From the records below, copy every line that contains the word "kappa".

___ DATASET ENTRIES ___

(* Let $\mu\in\mathcal{C}([0,\infty);\mathcal{P}_2(\mathbb{R}^2))$ be a global measure-valued solution of $\partial_t\mu+\partial_x(F[\mu]\mu)=0$, let $x_c(t):=\int x\,\mu_t(dx,d\omega)$ and $\tilde\mu_t:=\delta_{x_c(t)}\otimes\nu$ for $t\ge0$. Then for all $t\ge0$, $$\Big|\frac{d}{dt}x_c(t)-F[\tilde\mu_t](x_c(t),\omega_c)\Big|\le((\kappa+1)I+\kappa M)\,W_1(\mu_t,\tilde\mu_t)+I\gamma.$$
   Context: $\nu$ is a Borel probability measure on $\mathbb{R}$ with finite second moment and bounded support $\Omega$; $\gamma:=\sup_{\omega,\omega'\in\Omega}|\omega-\omega'|$, $\omega_c:=\int\omega\,\nu(d\omega)$. $\mathcal{P}_2^\nu(\mathbb{R}^2)$: Borel probability measures on $\mathbb{R}^2$ with finite second moment and $\omega$-marginal $\nu$. $W_1$: 1-Wasserstein distance. $F$ assigns to each $\mu\in\mathcal{P}_2^\nu(\mathbb{R}^2)$ a function $F[\mu]:\mathbb{R}^2\to\mathbb{R}$ satisfying, with constants $A,B,I,M,\kappa>0$: (A1) $\sup_{(x,\omega)\in\mathbb{R}\times\Omega}|\partial_x^\alpha F[\mu](x,\omega)-\partial_x^\alpha F[\mu'](x,\omega)|\le\kappa MW_1(\mu,\mu')$ for $\alpha=0,1$; (A2) $F[\mu]\in C^2(\mathbb{R}^2)$, $\|\partial_xF[\mu]\|_\infty\le\kappa I$, $\|\partial_x^2F[\mu]\|_\infty\le\kappa I$, $\|\partial_\omega F[\mu]\|_\infty\le I$; (A3) $F[(\tau_{2\pi})_\sharp\mu](x+2\pi,\omega)=F[\mu](x,\omega)$ with $\tau_{2\pi}(x,\omega)=(x+2\pi,\omega)$; (A4) $\inf_xF[\delta_x\otimes\nu](x,\omega_c)\ge A$; (A5) $\int_0^{2\pi}\frac{\partial_xF[\delta_x\otimes\nu](x,\omega_c)}{F[\delta_x\otimes\nu](x,\omega_c)}dx\le-\kappa B$ (derivatives in the spatial arguments with $\mu$ fixed). A global measure-valued solution with initial datum $\mu_0\in\mathcal{P}_2^\nu(\mathbb{R}^2)$ is $\mu\in\mathcal{C}([0,\infty);\mathcal{P}_2(\mathbb{R}^2))$ (with $\omega$-marginal $\nu$ for all $t$) such that $t\mapsto\int\varphi d\mu_t$ is continuous for $\varphi\in\mathcal{C}_0(\mathbb{R}^2)$ and $\int\varphi(t)d\mu_t=\int\varphi(0)d\mu_0+\int_0^t\int(\partial_s\varphi+F[\mu_s]\partial_x\varphi)d\mu_sds$ for all $\varphi\in\mathcal{C}^1_0([0,\infty)\times\mathbb{R}^2)$. *)

theory Defs
  imports "HOL-Probability.Probability"
begin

___

--- WORKED SOLUTION ---
(* Let $\mu\in\mathcal{C}([0,\infty);\mathcal{P}_2(\mathbb{R}^2))$ be a global measure-valued solution of $\partial_t\mu+\partial_x(F[\mu]\mu)=0$, let $x_c(t):=\int x\,\mu_t(dx,d\omega)$ and $\tilde\mu_t:=\delta_{x_c(t)}\otimes\nu$ for $t\ge0$. Then for all $t\ge0$, $$\Big|\frac{d}{dt}x_c(t)-F[\tilde\mu_t](x_c(t),\omega_c)\Big|\le((\kappa+1)I+\kappa M)\,W_1(\mu_t,\tilde\mu_t)+I\gamma.$$
   Context: $\nu$ is a Borel probability measure on $\mathbb{R}$ with finite second moment and bounded support $\Omega$; $\gamma:=\sup_{\omega,\omega'\in\Omega}|\omega-\omega'|$, $\omega_c:=\int\omega\,\nu(d\omega)$. $\mathcal{P}_2^\nu(\mathbb{R}^2)$: Borel probability measures on $\mathbb{R}^2$ with finite second moment and $\omega$-marginal $\nu$. $W_1$: 1-Wasserstein distance. $F$ assigns to each $\mu\in\mathcal{P}_2^\nu(\mathbb{R}^2)$ a function $F[\mu]:\mathbb{R}^2\to\mathbb{R}$ satisfying, with constants $A,B,I,M,\kappa>0$: (A1) $\sup_{(x,\omega)\in\mathbb{R}\times\Omega}|\partial_x^\alpha F[\mu](x,\omega)-\partial_x^\alpha F[\mu'](x,\omega)|\le\kappa MW_1(\mu,\mu')$ for $\alpha=0,1$; (A2) $F[\mu]\in C^2(\mathbb{R}^2)$, $\|\partial_xF[\mu]\|_\infty\le\kappa I$, $\|\partial_x^2F[\mu]\|_\infty\le\kappa I$, $\|\partial_\omega F[\mu]\|_\infty\le I$; (A3) $F[(\tau_{2\pi})_\sharp\mu](x+2\pi,\omega)=F[\mu](x,\omega)$ with $\tau_{2\pi}(x,\omega)=(x+2\pi,\omega)$; (A4) $\inf_xF[\delta_x\otimes\nu](x,\omega_c)\ge A$; (A5) $\int_0^{2\pi}\frac{\partial_xF[\delta_x\otimes\nu](x,\omega_c)}{F[\delta_x\otimes\nu](x,\omega_c)}dx\le-\kappa B$ (derivatives in the spatial arguments with $\mu$ fixed). A global measure-valued solution with initial datum $\mu_0\in\mathcal{P}_2^\nu(\mathbb{R}^2)$ is $\mu\in\mathcal{C}([0,\infty);\mathcal{P}_2(\mathbb{R}^2))$ (with $\omega$-marginal $\nu$ for all $t$) such that $t\mapsto\int\varphi d\mu_t$ is continuous for $\varphi\in\mathcal{C}_0(\mathbb{R}^2)$ and $\int\varphi(t)d\mu_t=\int\varphi(0)d\mu_0+\int_0^t\int(\partial_s\varphi+F[\mu_s]\partial_x\varphi)d\mu_sds$ for all $\varphi\in\mathcal{C}^1_0([0,\infty)\times\mathbb{R}^2)$. *)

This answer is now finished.